TASK BRIEF —
Going through the listing below, work out how many lines include "cases" and give that number by itself.

----------------------------------------

lemma sum_Jmap_Jmap_dual_basis:
  "(\<Sum>i\<in>UNIV. J (dual_basis i) (J (axis i 1) w)) = map_trace proj *\<^sub>R proj_orth w"
    (is "?K = _")
proof -
  have "linear (\<lambda>b. J a (J b w))" for a
    using linear_compose[OF linear_Jmap_left linear_Jmap_right] by (simp add: o_def)
  then have swapped: "?K = (\<Sum>i\<in>UNIV. J (axis i 1) (J (dual_basis i) w))"
    by (rule sum_dual_basis_swap[OF linear_Jmap_left])
  have "g (proj a) (proj b) = g a (proj b)" for a b
    using form_proj_left[of b a] form_sym by metis
  then have trace: "(\<Sum>i\<in>UNIV. g (proj (dual_basis i)) (proj (axis i 1))) = map_trace proj"
    by (simp add: map_trace_eq_sum_dual_basis)
  have "2 *\<^sub>R ?K = (\<Sum>i\<in>UNIV. J (dual_basis i) (J (axis i 1) w) + J (axis i 1) (J (dual_basis i) w))"
    using swapped by (simp add: scaleR_2 sum.distrib)
  also have "\<dots> = 2 *\<^sub>R (map_trace proj *\<^sub>R proj_orth w)"
    by (simp add: Jmap_anticommutator trace[symmetric] scaleR_sum_left scaleR_sum_right)
  finally show ?thesis
    by (simp only: scaleR_cancel_left) simp
qed

section \<open>The Ricci operator\<close>

lemma map_trace_bracket_left: "map_trace (\<lambda>x. br x u) = 0"
proof (rule map_trace_eq_0_if_factors[OF linear_bracket_left linear_proj linear_proj_orth])
  fix x
  have "br (proj_orth x) u = br x u"
    by (simp add: proj_orth_def bracket_simps center_bracket_left[OF proj_in])
  then show "br x u = proj (br (proj_orth x) u)"
    by (simp add: proj_bracket)
  show "proj_orth (proj x) = 0"
    by (rule proj_orth_proj)
qed

lemma map_trace_Jmap_left: "map_trace (\<lambda>x. J x u) = 0"
proof (rule map_trace_eq_0_if_factors[OF linear_Jmap_left linear_proj_orth linear_proj])
  fix x
  show "J x u = proj_orth (J (proj x) u)"
    by (simp add: proj_orth_Jmap Jmap_proj_left[of x u])
  show "proj (proj_orth x) = 0"
    by (rule proj_proj_orth)
qed

lemma map_trace_LC_left: "map_trace (\<lambda>x. LC br g x u) = 0"
proof -
  have "map_trace (\<lambda>x. LC br g x u)
      = (1/2) * (map_trace (\<lambda>x. br x u) - map_trace (\<lambda>x. J x u) - map_trace (J u))"
    by (simp add: LC_eq map_trace_scaleR map_trace_diff)
  then show ?thesis
    using map_trace_bracket_left map_trace_Jmap_left
      map_trace_skew_eq_0[OF linear_Jmap_right Jmap_skew] by simp
qed

lemma map_trace_Jmap_bracket: "map_trace (\<lambda>x. J (br x y) w) = map_trace proj * g (proj_orth w) y"
proof -
  have "map_trace (\<lambda>x. J (br x y) w) = map_trace (\<lambda>x. br (J x w) y)"
    using map_trace_comp_commute[OF linear_Jmap_left linear_bracket_left] .
  also have "\<dots> = g (\<Sum>i\<in>UNIV. J (dual_basis i) (J (axis i 1) w)) y"
    by (simp add: map_trace_eq_sum_dual_basis form_Jmap form_sum_left)
  finally show ?thesis
    by (simp add: sum_Jmap_Jmap_dual_basis form_simps)
qed

lemma map_trace_bracket_Jmap_left:
  "map_trace (\<lambda>x. br y (J x w)) = - map_trace proj * g y (proj_orth w)"
proof -
  have "map_trace (\<lambda>x. br y (J x w)) = (\<Sum>i\<in>UNIV. - g y (J (dual_basis i) (J (axis i 1) w)))"
    by (simp add: map_trace_eq_sum_dual_basis flip: form_Jmap Jmap_skew)
  also have "\<dots> = - g y (\<Sum>i\<in>UNIV. J (dual_basis i) (J (axis i 1) w))"
    by (simp add: form_sum_right sum_negf)
  finally show ?thesis
    by (simp add: sum_Jmap_Jmap_dual_basis form_simps)
qed
definition edit_set :: "'a set \<Rightarrow> 'a set set \<Rightarrow> ('a \<Rightarrow> 'c) \<Rightarrow> nat \<Rightarrow> 'a set set \<Rightarrow> bool" where
  "edit_set V E \<sigma> n F \<longleftrightarrow> F \<subseteq> all_pairs V \<and> is_n_RBMG V ((E - F) \<union> (F - E)) \<sigma> n"

definition optimal_deletion_set :: "'a set \<Rightarrow> 'a set set \<Rightarrow> ('a \<Rightarrow> 'c) \<Rightarrow> nat \<Rightarrow> 'a set set \<Rightarrow> bool" where
  "optimal_deletion_set V E \<sigma> n F \<longleftrightarrow> deletion_set V E \<sigma> n F \<and>
     (\<forall>F'. deletion_set V E \<sigma> n F' \<longrightarrow> card F \<le> card F')"

definition optimal_edit_set :: "'a set \<Rightarrow> 'a set set \<Rightarrow> ('a \<Rightarrow> 'c) \<Rightarrow> nat \<Rightarrow> 'a set set \<Rightarrow> bool" where
  "optimal_edit_set V E \<sigma> n F \<longleftrightarrow> edit_set V E \<sigma> n F \<and>
     (\<forall>F'. edit_set V E \<sigma> n F' \<longrightarrow> card F \<le> card F')"

end

theory Submission
  imports Defs
begin

(* A hub vertex x has a color of its own, so in a tree explaining an RBMG the leaf x can be
   pruned and regrafted as a child of the root, suppressing its former parent if that is left
   with a single child. Last common ancestors of the other leaves do not change, while x becomes
   a reciprocal best match of every other leaf. Hence adding all pairs xv to an n-RBMG gives an
   n-RBMG again; as these pairs are edges of G, removing them from a deletion or edit set F
   yields a strictly smaller deletion or edit set. *)

lemma finite_chain_has_least:
  assumes "finite S" "S \<noteq> {}"
    and "\<forall>u\<in>S. \<forall>w\<in>S. R u w \<or> R w u"
    and "\<forall>u\<in>S. \<forall>v\<in>S. \<forall>w\<in>S. R u v \<and> R v w \<longrightarrow> R u w"
  shows "\<exists>z\<in>S. \<forall>w\<in>S. R z w"
  using assms
proof (induction S rule: finite_ne_induct)
  case (singleton z)
  then show ?case by blast
next
  case (insert a S)
  then obtain z where z: "z \<in> S" "\<forall>w\<in>S. R z w" by blast
  have "R a z \<or> R z a" using insert.prems z(1) by blast
  then show ?case
  proof
    assume "R a z"
    then have "\<forall>w\<in>S. R a w" using insert.prems z by blast
    then show ?thesis using insert.prems by blast
  next
    assume "R z a"
    then show ?thesis using z by blast
  qed
qed

lemma ex_distinct_if_card_ge_2: "2 \<le> card A \<Longrightarrow> \<exists>a\<in>A. \<exists>b\<in>A. a \<noteq> b"
  using card_le_Suc0_iff_eq[of A] card.infinite[of A] by (cases "finite A") auto

locale rtree =
  fixes W :: "'b set" and le :: "'b \<Rightarrow> 'b \<Rightarrow> bool"
  assumes rooted: "rooted_tree W le"
begin

abbreviation root where "root \<equiv> tree_root W le"
abbreviation children where "children \<equiv> tree_children W le"

lemma finite_W: "finite W"
  using rooted unfolding rooted_tree_def by (elim conjE)

lemma le_in_W: "le u v \<Longrightarrow> u \<in> W \<and> v \<in> W"
  using rooted unfolding rooted_tree_def by (elim conjE) blast

lemma le_refl: "u \<in> W \<Longrightarrow> le u u"
  using rooted unfolding rooted_tree_def by (elim conjE) blast

lemma le_antisym: "le u v \<Longrightarrow> le v u \<Longrightarrow> u = v"
  using rooted le_in_W[of u v] unfolding rooted_tree_def by (elim conjE) blast

lemma le_trans: "le u v \<Longrightarrow> le v w \<Longrightarrow> le u w"
  using rooted le_in_W[of u v] le_in_W[of v w] unfolding rooted_tree_def by (elim conjE) blast

lemma ancestors_chain: "le u v \<Longrightarrow> le u w \<Longrightarrow> le v w \<or> le w v"
  using rooted le_in_W[of u v] le_in_W[of u w] unfolding rooted_tree_def by (elim conjE) blast

lemma root_greatest: "root \<in> W \<and> (\<forall>u\<in>W. le u root)"
proof -
  obtain r where r: "r \<in> W" "\<forall>u\<in>W. le u r"
    using rooted unfolding rooted_tree_def by (elim conjE) blast
  have "root = r"
    unfolding tree_root_def by (rule the_equality) (use r le_antisym in blast)+
  with r show ?thesis by blast
qed

lemma root_eqI: "r \<in> W \<Longrightarrow> \<forall>u\<in>W. le u r \<Longrightarrow> root = r"
  using root_greatest le_antisym by blast

lemma finite_ancestors: "finite {w. le a w}"
  by (rule finite_subset[OF _ finite_W]) (use le_in_W in blast)

lemma ex_least_ancestor:
  assumes "S \<subseteq> {w. le a w}" "S \<noteq> {}"
  shows "\<exists>z\<in>S. \<forall>w\<in>S. le z w"
proof (rule finite_chain_has_least)
  show "finite S" using assms(1) finite_ancestors by (rule finite_subset)
  show "\<forall>u\<in>S. \<forall>w\<in>S. le u w \<or> le w u" using assms(1) ancestors_chain by blast
  show "\<forall>u\<in>S. \<forall>v\<in>S. \<forall>w\<in>S. le u v \<and> le v w \<longrightarrow> le u w" using le_trans by blast
qed (fact assms(2))

lemma ex_greatest_ancestor:
  assumes "S \<subseteq> {w. le a w}" "S \<noteq> {}"
  shows "\<exists>z\<in>S. \<forall>w\<in>S. le w z"
proof (rule finite_chain_has_least[where R = "\<lambda>u w. le w u"])
  show "finite S" using assms(1) finite_ancestors by (rule finite_subset)
  show "\<forall>u\<in>S. \<forall>w\<in>S. le w u \<or> le u w" using assms(1) ancestors_chain by blast
  show "\<forall>u\<in>S. \<forall>v\<in>S. \<forall>w\<in>S. le v u \<and> le w v \<longrightarrow> le w u" using le_trans by blast
qed (fact assms(2))

lemma finite_children: "finite (children v)"
  using finite_W unfolding tree_children_def by auto

lemma children_in_W: "c \<in> children v \<Longrightarrow> c \<in> W \<and> le c v \<and> c \<noteq> v"
  unfolding tree_children_def by auto

lemma ex_child_above:
  assumes "le a v" "a \<noteq> v"
  shows "\<exists>c \<in> children v. le a c"
proof -
  let ?S = "{w. le a w \<and> le w v \<and> w \<noteq> v}"
  have "a \<in> ?S" using assms le_in_W le_refl by blast
  then obtain z where z: "z \<in> ?S" "\<forall>w\<in>?S. le w z"
    using ex_greatest_ancestor[of ?S a] by blast
  have "w = z \<or> w = v" if "le z w" "le w v" for w
  proof (cases "w = v")
    case False
    with that z have "le w z" using le_trans by blast
    with that show ?thesis using le_antisym by blast
  qed simp
  then have "z \<in> children v"
    unfolding tree_children_def using z le_in_W by blast
  with z show ?thesis by blast
qed

lemma ex_parent:
  assumes "u \<in> W" "u \<noteq> root"
  shows "\<exists>p. u \<in> children p"
proof -
  let ?S = "{w. le u w \<and> w \<noteq> u}"
  have "root \<in> ?S" using assms root_greatest by blast
  then obtain p where p: "p \<in> ?S" "\<forall>w\<in>?S. le p w"
    using ex_least_ancestor[of ?S u] by blast
  have "w = u \<or> w = p" if "le u w" "le w p" for w
    using that p le_antisym by blast
  then have "u \<in> children p"
    unfolding tree_children_def using assms p le_in_W by blast
  then show ?thesis by blast
qed

lemma parent_unique:
  assumes "u \<in> children p" "u \<in> children q"
  shows "p = q"
proof -
  have up: "le u p" "u \<noteq> p" "\<forall>w\<in>W. le u w \<and> le w p \<longrightarrow> w = u \<or> w = p"
    and uq: "le u q" "u \<noteq> q" "\<forall>w\<in>W. le u w \<and> le w q \<longrightarrow> w = u \<or> w = q"
    using assms unfolding tree_children_def by auto
  from up(1) uq(1) have "le p q \<or> le q p" by (rule ancestors_chain)
  then show ?thesis
    using up uq le_in_W by blast
qed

----------------------------------------

EXPECTED ANSWER —
2